E num segundo momento é Tito Flamínio, personagem da primeira versão de O cemitério dos vivos: “Estava deitado no dormitório que me tinham marcado e ele chegou [o guarda] à porta e perguntou: - Quem é aí Tito Flamínio? – Sou eu, apressei-me”.
Outro detalhe é que o narrador relata que a mãe está em casa. A mãe de Lima Barreto, dona Amália Augusta Barreto, morreu em dezembro de 1887, quando ele tinha seis anos de idade. Menciona um filho doente, embora o autor não tivesse filhos e não haja registro de qualquer tipo de união com uma mulher: são apenas personagens ficcionais citadas no corpo do suposto diário, como transcrito abaixo:

Aborrece-me este hospício; eu sou bem tratado, mas me falta ar, luz, liberdade. Não tenho meus livros a mãos; entretanto, minha casa, o delírio de minha mãe... Oh! Meu Deus! Tanto faz, lá ou aqui... Sairei desta catacumba, mas irei para a sala mortuária que é a minha casa.
Meu filho ainda não delira; mas a toda hora espero que tenha o primeiro ataque. (....) Minha mulher faz-me falta, e nestas horas eu tenho remorsos como se a tivesse feito morrer. Logo, porém, como vem de mim ou de fora de mim uma voz que me diz: é mentira.


Todos esses detalhes levam a crer que se trata de um texto ficcional, que procura atender as exigências estéticas de Lima Barreto: de autenticidade, de comoção do leitor, de diálogo, que seriam favorecidas pela narrativa em primeira pessoa. A narrativa centrada no sofrimento humano seria um meio de estreitar as diferenças entre os homens. N’O Diário do hospício, que pela estrutura deveria ser chamado de Memórias do hospício, Lima Barreto, volta a valorizar o testemunho, a narrativa introspectiva para trazer ao leitor a experiência da solidão.
O texto do diário desperta a atenção ao primeiro contato. Inicialmente pelo título e num segundo, o mais atrativo ao leitor, pelo conteúdo: o cotidiano no hospício, no melhor estilo “baseado em fatos reais”. O narrador facilmente envolve o leitor, devido às situações narradas e à maneira como o faz: usa de linguagem simples e adequada ao tom confessional do texto.
Possivelmente esse tom verossímil que se apresenta na narrativa limana é um recurso a mais para atrair a atenção dos leitores, que, provavelmente durante o inicio do século XX interessavam-se por narrativas de diários e principalmente tratando-se de um assunto tão polêmico que era um tabu na época, a loucura.

4 de janeiro.

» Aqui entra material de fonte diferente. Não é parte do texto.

lemma most_preferred_in:
  assumes "distinct (pref v)" and "X \<subseteq> set (pref v)" and "X \<noteq> {}"
  shows "most_preferred pref v X \<in> X"
proof -
  have "filter (\<lambda>x. x \<in> X) (pref v) \<noteq> []"
    using assms(2,3) by (auto simp: filter_empty_conv)
  then obtain q ys where q: "filter (\<lambda>x. x \<in> X) (pref v) = q # ys"
    by (meson neq_Nil_conv)
  have "q \<in> X" using q by (metis filter_eq_ConsD)
  have best: "\<forall>y\<in>X. y \<noteq> q \<longrightarrow> prefers pref v q y"
  proof (intro ballI impI)
    fix y assume "y \<in> X" "y \<noteq> q"
    with assms(2) have "y \<in> set (filter (\<lambda>x. x \<in> X) (pref v))" by auto
    with \<open>y \<noteq> q\<close> have "y \<in> set ys" using q by simp
    then show "prefers pref v q y" using prefers_hd_filter[of _ pref v, OF q] by blast
  qed
  have "most_preferred pref v X = q"
    unfolding most_preferred_def
  proof (rule the_equality)
    fix q' assume q': "q' \<in> X \<and> (\<forall>y\<in>X. y \<noteq> q' \<longrightarrow> prefers pref v q' y)"
    show "q' = q"
    proof (rule ccontr)
      assume "q' \<noteq> q"
      then have "prefers pref v q q'" "prefers pref v q' q" using q' best \<open>q \<in> X\<close> by auto
      then show False using prefers_asym[of pref v, OF assms(1)] by blast
    qed
  qed (use \<open>q \<in> X\<close> best in blast)
  with \<open>q \<in> X\<close> show ?thesis by simp
qed

lemma removeAll_filter_mem:
  "removeAll x (filter (\<lambda>y. y \<in> A) xs) = filter (\<lambda>y. y \<in> A - {x}) xs"
  by (induction xs) auto

lemma red_step2_cases:
  assumes "cnd s r = None \<or> prt s r = None"
  obtains (idle) "cnd s r = None" "prt s r = None"
      "red_step2 R B pref s r = (None, lst s r, {})"
  | (kept) b where "cnd s r = None" "prt s r = Some b" "\<not> sends_break R B pref s b r"
      "red_step2 R B pref s r = (Some b, lst s r, {})"
  | (broken) b where "cnd s r = None" "prt s r = Some b" "sends_break R B pref s b r"
      "red_step2 R B pref s r = (None, removeAll b (lst s r), {b})"
  | (accepted) b where "cnd s r = Some b" "prt s r = None" "sends_accept R B pref s b r"
      "red_step2 R B pref s r = (Some b, lst s r, {})"
  | (rejected) b where "cnd s r = Some b" "prt s r = None"
      "\<not> sends_accept R B pref s b r" "sends_reject R B pref s b r"
      "red_step2 R B pref s r = (None, removeAll b (lst s r), {b})"
  | (unanswered) b where "cnd s r = Some b" "prt s r = None"
      "\<not> sends_accept R B pref s b r" "\<not> sends_reject R B pref s b r"
      "red_step2 R B pref s r = (None, lst s r, {})"
proof (cases "cnd s r")
  case None
  then show ?thesis using idle kept broken
    by (cases "prt s r"; cases "sends_break R B pref s (the (prt s r)) r")
       (auto simp: red_step2_def red_step1_def)
next
  case (Some b)
  with assms have "prt s r = None" by simp
  moreover have "sends_accept R B pref s b r \<Longrightarrow> \<not> sends_break R B pref s b r"
    by (auto simp: sends_accept_def sends_break_def)
  ultimately show ?thesis using Some accepted rejected unanswered
    by (cases "sends_accept R B pref s b r"; cases "sends_reject R B pref s b r")
       (auto simp: red_step2_def red_step1_def sends_accept_def sends_reject_def)
qed

locale gs_setting =
  fixes R B :: "'v set" and E :: "'v set set" and pref :: "'v \<Rightarrow> 'v list"
    and w :: "'v set \<Rightarrow> int"
  assumes disj: "R \<inter> B = {}"
    and edges: "\<forall>e\<in>E. \<exists>r b. r \<in> R \<and> b \<in> B \<and> e = {r, b}"
    and finE: "finite E"
    and no_isolated: "\<forall>v\<in>R \<union> B. \<exists>e\<in>E. v \<in> e"
    and pref_dist: "\<forall>v\<in>R \<union> B. distinct (pref v)"
    and pref_set: "\<forall>v\<in>R \<union> B. set (pref v) = {u. {v, u} \<in> E}"
    and w_pos: "\<forall>e\<in>E. w e > 0"
    and w_resp: "\<forall>v\<in>R \<union> B. \<forall>x y. prefers pref v x y \<longrightarrow> w {v, x} \<ge> w {v, y}"
begin

lemma finite_R: "finite R"
proof (rule finite_subset)
  show "R \<subseteq> \<Union>E" using no_isolated by blast
  show "finite (\<Union>E)" using finE edges by auto
qed

lemma red_blue_eq:
  assumes "r \<in> R" "b \<in> B" "r' \<in> R" "b' \<in> B" "{r, b} = {r', b'}"
  shows "r = r' \<and> b = b'"
  using assms disj by (metis IntI doubleton_eq_iff empty_iff)

lemma pref_red_edge:
  assumes "r \<in> R" "x \<in> set (pref r)"
  shows "{r, x} \<in> E" "x \<in> B"
proof -
  show "{r, x} \<in> E" using assms pref_set by auto
  then obtain r' b' where "r' \<in> R" "b' \<in> B" "{r, x} = {r', b'}" using edges by blast
  then show "x \<in> B" using assms(1) disj by (metis IntI doubleton_eq_iff empty_iff)
qed

lemma pref_red_sym:
  assumes "r \<in> R" "x \<in> set (pref r)"
  shows "r \<in> set (pref x)"
  using pref_red_edge[OF assms] pref_set by (auto simp: insert_commute)

lemma gs_round_red:
  assumes "r \<in> R"
  shows "prt (gs_round R B pref s) r = fst (red_step2 R B pref s r)"
    and "lst (gs_round R B pref s) r = fst (snd (red_step2 R B pref s r))"
    and "cnd (gs_round R B pref s) r =
           (if fst (red_step2 R B pref s r) = None \<and> fst (snd (red_step2 R B pref s r)) \<noteq> []
            then Some (hd (fst (snd (red_step2 R B pref s r)))) else None)"
  using assms disj by (auto simp: gs_round_def)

Estou no hospício ou, melhor, em várias dependências dele, desde o dia 25 do mês passado. Estive no pavilhão de observações, que é a pior etapa de quem, como eu, entra para aqui pelas mãos da polícia. Tiram-nos a roupa que trazemos e dão-nos uma outra só capaz de cobrir a nudez, e nem chinelos e tamancos nos dão. Da outra vez que lá estive me deram essa peça do vestuário que me é hoje indispensável.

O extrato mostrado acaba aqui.